lemma hom_minus_NF_in_Icomp: "f \<in> hom m \<Longrightarrow> (\<lambda>x. f x - NF f x) \<in> lspan (Icomp_gens m)"
proof -
  assume f: "f \<in> hom m"
  then have fT: "f \<in> TV" using hom_subset_TV by blast
  have "(\<lambda>x. f x - NF f x) = lincomb (supp f) f (\<lambda>y x. wd y x - nfw y x)"
    unfolding NF_def lin_ext_eq_lincomb[OF TV_finite[OF fT] order_refl] lincomb_diff
    using TV_expand[OF fT] by simp
  also have "\<dots> \<in> lspan (Icomp_gens m)"
  proof (rule lspan_lincomb[OF TV_finite[OF fT]])
    fix y assume "y \<in> supp f"
    then have "length y = m" using f by (simp add: hom_def supp_def)
    then show "(\<lambda>x. wd y x - nfw y x) \<in> lspan (Icomp_gens m)" by (rule wd_minus_nfw_in_Icomp)
  qed
  finally show ?thesis .
qed

lemma phi_kernel: "{f \<in> hom m. phi R f = (\<lambda>_. 0)} = Icomp N R m"
proof (cases "m < N")
  case True
  have "f = (\<lambda>_. 0)" if f: "f \<in> hom m" "phi R f = (\<lambda>_. 0)" for f
  proof -
    have fT: "f \<in> TV" using f hom_subset_TV by blast
    have "nf R f"
      using f(1) True length_lm by (fastforce simp: nf_def nf_word_def hom_def)
    then show ?thesis using NF_nf[OF fT] phi_eq_NF[OF fT] f(2) by simp
  qed
  moreover have "phi R (\<lambda>_. 0) = (\<lambda>_. 0)"
    using phi_eq_NF[OF TV_zero] NF_zero by simp
  moreover have "(\<lambda>_. 0) \<in> hom m" by (simp add: hom_def supp_def)
  ultimately have "{f \<in> hom m. phi R f = (\<lambda>_. 0)} = {\<lambda>_. 0}" by blast
  then show ?thesis using True by (simp add: Icomp_def)
next
  case False
  have "{f \<in> hom m. phi R f = (\<lambda>_. 0)} = lspan (Icomp_gens m)"
  proof (intro equalityI subsetI)
    fix f assume "f \<in> {f \<in> hom m. phi R f = (\<lambda>_. 0)}"
    then show "f \<in> lspan (Icomp_gens m)"
      using hom_minus_NF_in_Icomp phi_eq_NF hom_subset_TV by fastforce
  next
    fix f assume "f \<in> lspan (Icomp_gens m)"
    then have "f \<in> lspan (rel_sandwiches m)"
      using False by (intro Icomp_gens_span_rel_sandwiches) simp_all
    then have "f \<in> hom m \<and> NF f = (\<lambda>_. 0)" by (rule rel_sandwiches_kernel)
    then show "f \<in> {f \<in> hom m. phi R f = (\<lambda>_. 0)}"
      using phi_eq_NF hom_subset_TV by force
  qed
  then show ?thesis using False by (simp add: Icomp_def)
qed

end


section \<open>The normalised Koszul complex\<close>

context side_confluent_presentation
begin

lemma NF_hpart: "f \<in> TV \<Longrightarrow> NF (hpart m f) = hpart m (NF f)"
proof (rule ext)
  fix u assume f: "f \<in> TV"
  have fin: "finite (supp f)" using f TV_finite by blast
  have s: "supp (hpart m f) \<subseteq> supp f" by (auto simp: hpart_def supp_def)
  have len: "length u = length w" if "nfw w u \<noteq> 0" for w
    using that nfw_props[of w] by (auto simp: supp_def word_less_def)
  have "NF (hpart m f) u = (\<Sum>w\<in>supp f. hpart m f w * nfw w u)"
    unfolding NF_def by (subst lin_ext_eq_lincomb[OF fin s]) (simp add: lincomb_def)
  also have "\<dots> = (\<Sum>w\<in>supp f. if length u = m then f w * nfw w u else 0)"
    using len by (intro sum.cong refl) (fastforce simp: hpart_def)
  also have "\<dots> = hpart m (NF f) u"
    unfolding NF_def hpart_def by (subst lin_ext_eq_lincomb[OF fin]) (auto simp: lincomb_def)
  finally show "NF (hpart m f) u = hpart m (NF f) u" .
qed

lemma hpart_hom: "f \<in> TV \<Longrightarrow> hpart m f \<in> hom m"
proof -
  assume "f \<in> TV"
  moreover have "supp (hpart m f) \<subseteq> supp f" by (auto simp: hpart_def supp_def)
  ultimately have "finite (supp (hpart m f))" unfolding TV_def by (auto intro: finite_subset)
  then show ?thesis unfolding hom_def by (simp add: hpart_def)
qed

lemma Ideal_iff_NF_zero: "f \<in> TV \<Longrightarrow> f \<in> Ideal N R \<longleftrightarrow> NF f = (\<lambda>_. 0)"
proof -
  assume f: "f \<in> TV"
  have "hpart m f \<in> Icomp N R m \<longleftrightarrow> NF (hpart m f) = (\<lambda>_. 0)" for m
  proof -
    have h: "hpart m f \<in> hom m" by (rule hpart_hom[OF f])
    then have "phi R (hpart m f) = NF (hpart m f)" using hom_subset_TV phi_eq_NF by blast
    then show ?thesis using h phi_kernel[of m, symmetric] by simp
  qed
  then have "f \<in> Ideal N R \<longleftrightarrow> (\<forall>m. hpart m (NF f) = (\<lambda>_. 0))"
    using f unfolding Ideal_def NF_hpart[OF f] by blast
  also have "\<dots> \<longleftrightarrow> NF f = (\<lambda>_. 0)"
  proof
    assume "\<forall>m. hpart m (NF f) = (\<lambda>_. 0)"
    then have "hpart (length x) (NF f) x = 0" for x by simp
    then show "NF f = (\<lambda>_. 0)" by (auto simp: hpart_def)
  qed (simp add: hpart_def)
  finally show ?thesis .
qed

lemma cls_eq_NF: "f \<in> TV \<Longrightarrow> cls N R f = {g \<in> TV. NF g = NF f}"
proof -
  assume f: "f \<in> TV"
  have "(\<lambda>x. g x - f x) \<in> Ideal N R \<longleftrightarrow> NF g = NF f" if g: "g \<in> TV" for g
    using Ideal_iff_NF_zero[OF TV_diff[OF g f]] NF_diff[OF g f] by (simp add: fun_eq_iff)
  then show ?thesis unfolding cls_def by blast
qed

lemma rep_cls: "f \<in> TV \<Longrightarrow> rep (cls N R f) \<in> TV \<and> NF (rep (cls N R f)) = NF f"
proof -
  assume f: "f \<in> TV"
  then have "f \<in> cls N R f" using cls_eq_NF[OF f] by simp
  then have "rep (cls N R f) \<in> cls N R f" unfolding rep_def by (rule someI[of "\<lambda>x. x \<in> cls N R f"])
  then show ?thesis using cls_eq_NF[OF f] by simp
qed

lemma phibar_cls: "f \<in> TV \<Longrightarrow> phibar R (cls N R f) = NF f"
  using rep_cls phi_eq_NF unfolding phibar_def by simp

lemma AJ_classes: "F \<in> AJ N R n \<Longrightarrow> \<forall>v. \<exists>g\<in>TV. F v = cls N R g"
  unfolding AJ_def
proof (induction rule: atspan.induct)
  case atspan_zero
  then show ?case using TV_zero by (auto simp: Azero_def)
next
  case (atspan_step F G c)
  from atspan_step(2) obtain a j where G: "G = etens N R a j" "a \<in> Aset N R" by blast
  then obtain t where t: "t \<in> TV" "a = cls N R t" by (auto simp: Aset_def)
  show ?case
  proof
    fix v
    obtain g where g: "g \<in> TV" "F v = cls N R g" using atspan_step.IH by blast
    have "rep a \<in> TV" using rep_cls t by simp
    then have "rep (G v) \<in> TV"
      using G rep_cls[OF TV_smult[of "rep a" "j v"]] by (simp add: etens_def)
    moreover have "rep (F v) \<in> TV" using rep_cls g by simp
    ultimately have "(\<lambda>x. c * rep (G v) x + 1 * rep (F v) x) \<in> TV" by (rule TV_lin)
    then show "\<exists>g\<in>TV. cls N R (\<lambda>x. c * rep (G v) x + rep (F v) x) = cls N R g" by auto
  qed
qed

lemma AJ_rep: "F \<in> AJ N R n \<Longrightarrow> rep (F v) \<in> TV \<and> phibar R (F v) = NF (rep (F v))"
proof -
  assume F: "F \<in> AJ N R n"
  then obtain g where "g \<in> TV" "F v = cls N R g" using AJ_classes by blast
  then have "rep (F v) \<in> TV" using rep_cls by simp
  then show ?thesis unfolding phibar_def using phi_eq_NF by simp
qed

lemma phin_eq_lincomb:
  "F \<in> AJ N R n \<Longrightarrow> phin R l F = lincomb (words l) (\<lambda>_. 1) (\<lambda>v. rmul (NF (rep (F v))) v)"
  unfolding phin_def lincomb_def cat_wd_right using AJ_rep by simp

lemma NF_rmul_nfw: "NF (rmul (nfw y) v) = nfw (y @ v)"
proof (induction y rule: wf_induct_rule[OF wf_word_less])
  case (1 y)
  show ?case
  proof (cases "nf_word R y")
    case True
    then show ?thesis by (simp add: nfw_nf_word rmul_wd NF_wd)
  next
    case False
    then obtain u g v0 where o: "occurrence y = (u, g, v0)" "g \<in> R" "y = u @ lm g @ v0"
      by (rule obtain_occurrence)
    define d where "d = reduct u g v0"
    have dT: "d \<in> TV" unfolding d_def by (rule reduct_TV[OF rel_TV[OF o(2)]])
    have lower: "\<And>z. z \<in> supp d \<Longrightarrow> (z, y) \<in> word_less"
      unfolding d_def using supp_reduct[OF o(2)] o(3) by auto
    have fin: "finite (supp d)" using dT TV_finite by blast
    have e: "nfw y = lincomb (supp d) d nfw"
      using nfw_occurrence[OF False o(1)] lin_ext_eq_lincomb[OF fin order_refl, of nfw]
      by (simp add: d_def NF_def)
    have "NF (rmul (nfw y) v) = lincomb (supp d) d (\<lambda>x. NF (rmul (nfw x) v))"
      unfolding e rmul_lincomb using fin nfw_TV by (subst NF_lincomb) (auto intro: rmul_TV)
    also have "\<dots> = lincomb (supp d) d (\<lambda>x. NF (rmul (wd x) v))"
      unfolding lincomb_def using 1 lower by (intro ext sum.cong refl) (simp add: rmul_wd NF_wd)
    also have "\<dots> = NF (rmul d v)"
      by (subst (3) TV_expand[OF dT], unfold rmul_lincomb)
        (use fin in \<open>subst NF_lincomb, auto simp: rmul_wd\<close>)
    also have "\<dots> = nfw (y @ v)"
    proof -
      have "rmul d v = reduct u g (v0 @ v)"
        using sandwich_reduct[OF rel_TV[OF o(2)], of "[]" u v0 v] by (simp add: d_def)
      then show ?thesis using NF_reduct[OF o(2)] NF_sandwich_rel[OF o(2)] o(3) by simp
    qed
    finally show ?thesis .
  qed
qed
+===+
-- Problem requirements --
Return, from the data above, each line in which the string "finally" appears.

-- Exercise answer --
  finally show ?thesis .
  finally show "NF (hpart m f) u = hpart m (NF f) u" .
  finally show ?thesis .
    finally show ?thesis .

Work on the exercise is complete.